Content and Development
The development of the NCMHCE in the early 1990s marked the expansion of counseling national certification into the evaluation of counselors’ ability to apply core knowledge to clinical practice.
The American Mental Health Counselors Association (AMHCA) initially developed the Certified Clinical Mental Health Counselor (CCMHC). After several years of administration of the credential, it was determined that the credential could be strengthened and expanded by adding a national, standardized examination. NBCC agreed to acquire the credential in the early 1990s and develop an examination to anchor the certification and align the application process with the profession’s foundational national certification, the National Certified Counselor (NCC).
NBCC developed the NCMHCE with a focus on drawing from the common core knowledge of professional counselors. A committee of subject matter experts (SMEs) led by psychometric experts framed the NCMHCE to ensure that it reflected the central clinical requirements of counselors through real-world simulated cases.
The NCMHCE measures an individual’s ability to apply and evaluate knowledge in core counselor skills and competencies and to practice competently as a professional counselor. Specifically, it assesses an entry-level clinical mental health counselor’s ability to apply knowledge of theoretical and skill-based tenets to clinical case studies. The case studies are designed to capture a candidate’s ability to identify, analyze, diagnose, and develop plans for treatment of clinical concerns.
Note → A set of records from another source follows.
lemma pd_sum_scaleR:
  fixes G :: "'a \<Rightarrow> real^'n::finite \<Rightarrow> real^'m::finite"
  assumes "finite A" and "\<And>a. G a differentiable (at w)"
  shows "pd (\<lambda>w. \<Sum>a\<in>A. c a *\<^sub>R G a w) i w = (\<Sum>a\<in>A. c a *\<^sub>R pd (G a) i w)"
proof -
  have "((\<lambda>w. \<Sum>a\<in>A. c a *\<^sub>R G a w)
      has_derivative (\<lambda>h. \<Sum>a\<in>A. c a *\<^sub>R frechet_derivative (G a) (at w) h)) (at w)"
    using assms frechet_derivative_works
    by (intro has_derivative_sum has_derivative_scaleR_right) blast
  then show ?thesis unfolding pd_def by (simp flip: frechet_derivative_at)
qed

lemma pd2_comp_matrix:
  fixes f :: "real^'n::finite \<Rightarrow> real^'m::finite" and N :: "real^'n^'n"
  assumes diff: "\<And>w. f differentiable (at w)" and diff_pd: "\<And>k w. pd f k differentiable (at w)"
  shows "pd2 (\<lambda>w. f (N *v w)) i j w
    = (\<Sum>a\<in>UNIV. N $ a $ j *\<^sub>R (\<Sum>b\<in>UNIV. N $ b $ i *\<^sub>R pd2 f b a (N *v w)))"
proof -
  have "pd (\<lambda>w. f (N *v w)) j = (\<lambda>w. \<Sum>a\<in>UNIV. N $ a $ j *\<^sub>R pd f a (N *v w))"
    using pd_comp_matrix diff by blast
  moreover have "(\<lambda>w. pd f a (N *v w)) differentiable (at w)" for a
    using differentiable_chain_at[OF bounded_linear_imp_differentiable[OF matrix_vector_mul_bounded_linear]
      diff_pd] by (simp add: o_def)
  ultimately have "pd2 (\<lambda>w. f (N *v w)) i j w = (\<Sum>a\<in>UNIV. N $ a $ j *\<^sub>R pd (\<lambda>w. pd f a (N *v w)) i w)"
    unfolding pd2_def by (simp add: pd_sum_scaleR)
  also have "\<dots> = (\<Sum>a\<in>UNIV. N $ a $ j *\<^sub>R (\<Sum>b\<in>UNIV. N $ b $ i *\<^sub>R pd2 f b a (N *v w)))"
    using pd_comp_matrix[OF diff_pd] by (simp add: pd2_def)
  finally show ?thesis .
qed

definition restrict_slot :: "'n set \<Rightarrow> real^'n::finite \<Rightarrow> real^'n" where
  "restrict_slot S x = (\<chi> d. if d \<in> S then x $ d else 0)"

lemma block_diag_entry_eq_0:
  assumes "block_diag B M" "slot_partition B" "(i \<in> B k) \<noteq> (j \<in> B k)"
  shows "M $ i $ j = 0"
proof -
  have "\<not> (\<exists>k'. i \<in> B k' \<and> j \<in> B k')"
    using slot_partition_unique[OF assms(2)] assms(3) by blast
  then show ?thesis using assms(1) unfolding block_diag_def by blast
qed

lemma block_diag_mult_restrict_slot:
  fixes M :: "real^'n::finite^'n"
  assumes bd: "block_diag B M" and part: "slot_partition B"
  shows "M *v restrict_slot (B k) x = restrict_slot (B k) (M *v x)"
proof -
  have "M $ c $ d * (if d \<in> B k then x $ d else 0) = (if c \<in> B k then M $ c $ d * x $ d else 0)" for c d
    using block_diag_entry_eq_0[OF bd part, of c k d]
    by (cases "c \<in> B k"; cases "d \<in> B k") simp_all
  then show ?thesis
    by (simp add: vec_eq_iff restrict_slot_def matrix_vector_mult_def)
qed

lemma block_diag_inverse:
  fixes M N :: "real^'n::finite^'n"
  assumes part: "slot_partition B" and bd: "block_diag B M"
    and MN: "M ** N = mat 1" and NM: "N ** M = mat 1"
  shows "block_diag B N"
  unfolding block_diag_def
proof (intro allI impI)
  fix a j
  assume apart: "\<not> (\<exists>k. a \<in> B k \<and> j \<in> B k)"
  obtain k where a: "a \<in> B k" using slot_partition_obtain[OF part] by blast
  define u where "u = restrict_slot (B k) (N *v axis j 1)"
  have "M *v u = restrict_slot (B k) (axis j 1)"
    unfolding u_def block_diag_mult_restrict_slot[OF bd part] matrix_vector_mul_assoc MN by simp
  also have "\<dots> = 0"
    using apart a by (auto simp: restrict_slot_def vec_eq_iff axis_def)
  finally have "u = 0"
    using matrix_vector_mul_assoc[of N M u] NM by simp
  then have "u $ a = 0" by simp
  then show "N $ a $ j = 0"
    using a by (simp add: u_def restrict_slot_def matrix_vector_mult_basis column_def)
qed

lemma first_order_across_slots_comp_matrix:
  fixes f :: "real^'n::finite \<Rightarrow> real^'m::finite" and N :: "real^'n^'n"
  assumes part: "slot_partition B"
    and diff: "\<And>w. f differentiable (at w)" and diff_pd: "\<And>k w. pd f k differentiable (at w)"
    and first_order: "first_order_across_slots B f" and bd: "block_diag B N"
  shows "first_order_across_slots B (\<lambda>w. f (N *v w))"
  unfolding first_order_across_slots_def at_most_first_order_def
proof (intro allI impI ballI)
  fix k k' z i j
  assume "k \<noteq> k'" and i: "i \<in> B k" and j: "j \<in> B k'"
  have term_zero: "(N $ a $ j * N $ b $ i) *\<^sub>R pd2 f b a (N *v z) = 0" for a b
  proof (cases "a \<in> B k' \<and> b \<in> B k")
    case True
    with \<open>k \<noteq> k'\<close> have "pd2 f b a (N *v z) = 0"
      using first_order unfolding first_order_across_slots_def at_most_first_order_def by simp
    then show ?thesis by simp
  next
    case False
    then show ?thesis
      using block_diag_entry_eq_0[OF bd part, of a k' j] block_diag_entry_eq_0[OF bd part, of b k i] i j
      by auto
  qed
  then show "pd2 (\<lambda>w. f (N *v w)) i j z = 0"
    by (simp add: pd2_comp_matrix[OF diff diff_pd] scaleR_sum_right term_zero)
qed

lemma independent_obtain_linear_functional:
  fixes W :: "'j \<Rightarrow> 'a::euclidean_space" and val :: "'j \<Rightarrow> real"
  assumes "inj_on W J" "independent (W ` J)"
  obtains \<phi> :: "'a \<Rightarrow> real" where "linear \<phi>" "\<And>c. c \<in> J \<Longrightarrow> \<phi> (W c) = val c"
proof -
  obtain \<phi> :: "'a \<Rightarrow> real" where lin: "linear \<phi>" and \<phi>: "\<forall>v\<in>W ` J. \<phi> v = val (inv_into J W v)"
    using linear_independent_extend[OF assms(2), of "\<lambda>v. val (inv_into J W v)"] by blast
  show thesis
  proof (rule that[OF lin])
    fix c assume "c \<in> J"
    then show "\<phi> (W c) = val c" using \<phi> inv_into_f_f[OF assms(1)] by simp
  qed
qed

lemma sum_sum_symmetrized_product:
  fixes x y g h :: "'a \<Rightarrow> real"
  shows "(\<Sum>a\<in>A. x a * (\<Sum>b\<in>A. y b * (g b * h a + g a * h b)))
       = (\<Sum>a\<in>A. x a * h a) * (\<Sum>b\<in>A. y b * g b) + (\<Sum>a\<in>A. x a * g a) * (\<Sum>b\<in>A. y b * h b)"
proof -
  have "(\<Sum>a\<in>A. x a * (\<Sum>b\<in>A. y b * (g b * h a + g a * h b)))
      = (\<Sum>a\<in>A. \<Sum>b\<in>A. (x a * h a) * (y b * g b)) + (\<Sum>a\<in>A. \<Sum>b\<in>A. (x a * g a) * (y b * h b))"
    by (simp add: sum_distrib_left sum.distrib algebra_simps)
  then show ?thesis by (simp add: sum_product)
qed

lemma suff_nonlinear_obtain_hessian_functional:
  fixes f :: "real^('n::{finite,linorder}) \<Rightarrow> real^'m::finite" and B :: "'k::finite \<Rightarrow> 'n set"
  assumes part: "slot_partition B" and sym: "\<And>i i' z. pd2 f i i' z = pd2 f i' i z"
    and first_order: "first_order_across_slots B f" and nonlin: "suff_nonlinear B f"
    and g: "\<And>b. b \<notin> B k \<Longrightarrow> g b = 0" and h: "\<And>a. a \<notin> B k \<Longrightarrow> h a = 0"
  obtains \<phi> :: "real^'m \<Rightarrow> real"
  where "linear \<phi>" "\<And>a b. \<phi> (pd2 f b a w) = g b * h a + g a * h b"
proof -
  define W where "W = W_cols f w"
  define val :: "'n + 'n \<times> 'n \<Rightarrow> real"
    where "val c = (case c of Inl _ \<Rightarrow> 0 | Inr (b, a) \<Rightarrow> g b * h a + g a * h b)" for c
  obtain \<phi> :: "real^'m \<Rightarrow> real" where lin: "linear \<phi>"
    and \<phi>: "\<And>c. c \<in> W_index B \<Longrightarrow> \<phi> (W c) = val c"
    using independent_obtain_linear_functional[OF suff_nonlinear_columns_independent[OF nonlin]]
    unfolding W_def by blast
  have "\<phi> (pd2 f b a w) = g b * h a + g a * h b" for a b
  proof -
    obtain ka kb where a: "a \<in> B ka" and b: "b \<in> B kb"
      using slot_partition_obtain[OF part] by metis
    consider "ka = kb" "a \<le> b" | "ka = kb" "b \<le> a" | "ka \<noteq> kb"
      using linear by blast
    then show ?thesis
    proof cases
      case 1
      then have "Inr (b, a) \<in> W_index B" using a b unfolding W_index_def by blast
      from \<phi>[OF this] show ?thesis by (simp add: W_def W_cols_def val_def)
    next
      case 2
      then have "Inr (a, b) \<in> W_index B" using a b unfolding W_index_def by blast
      from \<phi>[OF this] show ?thesis by (simp add: W_def W_cols_def val_def sym[of b a] add.commute)
    next
      case 3
      then have "at_most_first_order f (B kb) (B ka)"
        using first_order unfolding first_order_across_slots_def by simp
      then have "pd2 f b a w = 0"
        using a b unfolding at_most_first_order_def by blast
      moreover have "g b * h a = 0" "g a * h b = 0"
        using 3 a b slot_partition_unique[OF part] g h by (metis mult_eq_0_iff)+
      ultimately show ?thesis using lin by (auto simp: linear_0)
    qed
  qed
  then show thesis by (rule that[OF lin])
qed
Candidates for the NCMHCE must have a graduate-level degree or higher from a counseling program accredited by the Council for Accreditation of Counseling and Related Educational Programs (CACREP) or administered by an institutionally accredited college or university. The counseling degree program must contain courses in nine requirement areas.
The Nine CACREP Curriculum Educational Standards:
- Human Growth and Development
- Social and Cultural Foundations in Counseling
- Helping Relationships in Counseling
- Group Counseling and Group Work
- Career Counseling and Lifestyle Development
- Assessment in Counseling
- Research and Program Evaluation
- Professional Orientation to Counseling
- Counseling Field Experience
Six Defined Work Behaviors (Domains)
The table below reflects the item distribution among these six defined work behaviors (domains), which are further described below. A thorough delineation of each domain and subdomain is available in the NCMHCE Content Outline and NCMHCE Handbook.
Table 1.The weight for each domain
|Domain||Percent of Items|
|1||Professional Practice and Ethics||10-20|
|2||Intake, Assessment, and Diagnosis||20-30|
|3||Areas of Clinical Focus||0*|
|5||Counseling Skills and Interventions||25-35|
|6||Core Counseling Attributes||10-20|
The domain “Areas of Clinical Focus” represents the diagnoses and main presenting problems that were identified in the job analysis as being the most prevalent in clinical work. This domain is evaluated through a variety of diagnoses and case scenarios appearing on each examination form and not at the item level. Please check the sample case studies tab for more information about the weight of each domain.
- Professional Practice and Ethics assesses counselors’ knowledge, skills, and abilities as they pertain to maintaining proper administrative and clinical protocols. This includes topics such as informed consent, client records, use of social media, and confidentiality.
- Intake, Assessment, and Diagnosis consists of items designed to assess a counselor’s knowledge, skills, and abilities to conduct client intake, assessment, and diagnosis. Items in this domain may reflect content such as performance of Mental Status Exams (MSEs), assessment for substance use, and evaluation of an individual’s level of mental health functioning.
- Areas of Clinical Focus is one of the largest domains on the exam, accounting for more than 25% of the scored items. This section allows for the assessment of a counselor’s knowledge and skills related to a broad range of potential client concerns. For example, items may be related to bullying, obsessive thoughts/behaviors, sleeping habits, adoption issues, divorce, etc.
- Treatment Planning is the domain of the exam that is built to assess a counselor’s knowledge, skills, and abilities as they relate to effectively treating clients. This domain houses items that may cover everything from a counselor’s ability to identify barriers to client goal attainment, discussing termination, follow-up after discharge, revisions of the treatment plan, or collaboration with other providers.
- Counseling Skills and Interventions is the largest domain on the NCE exam, accounting for over 25% of the scored items. This domain encompasses items written to assess counselors’ knowledge, skills, and abilities to conduct effective counseling. This is a broad and comprehensive domain that covers topics such as establishment of a therapeutic alliance, providing crisis intervention, use of self-disclosure, exploring the influence of family, and identifying group themes.
- Core Counseling Attributes is the smallest domain of the NCE, and it assesses the behavior, traits, and dispositions of effective counselors. This domain is measured with items that address topics such as genuineness, empathetic responding, positive regard, and respect for and acceptance of diversity.
The NCMHCE includes 11 case studies. Of the total number of multiple-choice questions, 100 will be scored, and one of the case studies will be unscored. The unscored narrative and questions are used to generate statistics for future examinations. Each case study will comprise one narrative and 9–15 multiple-choice questions.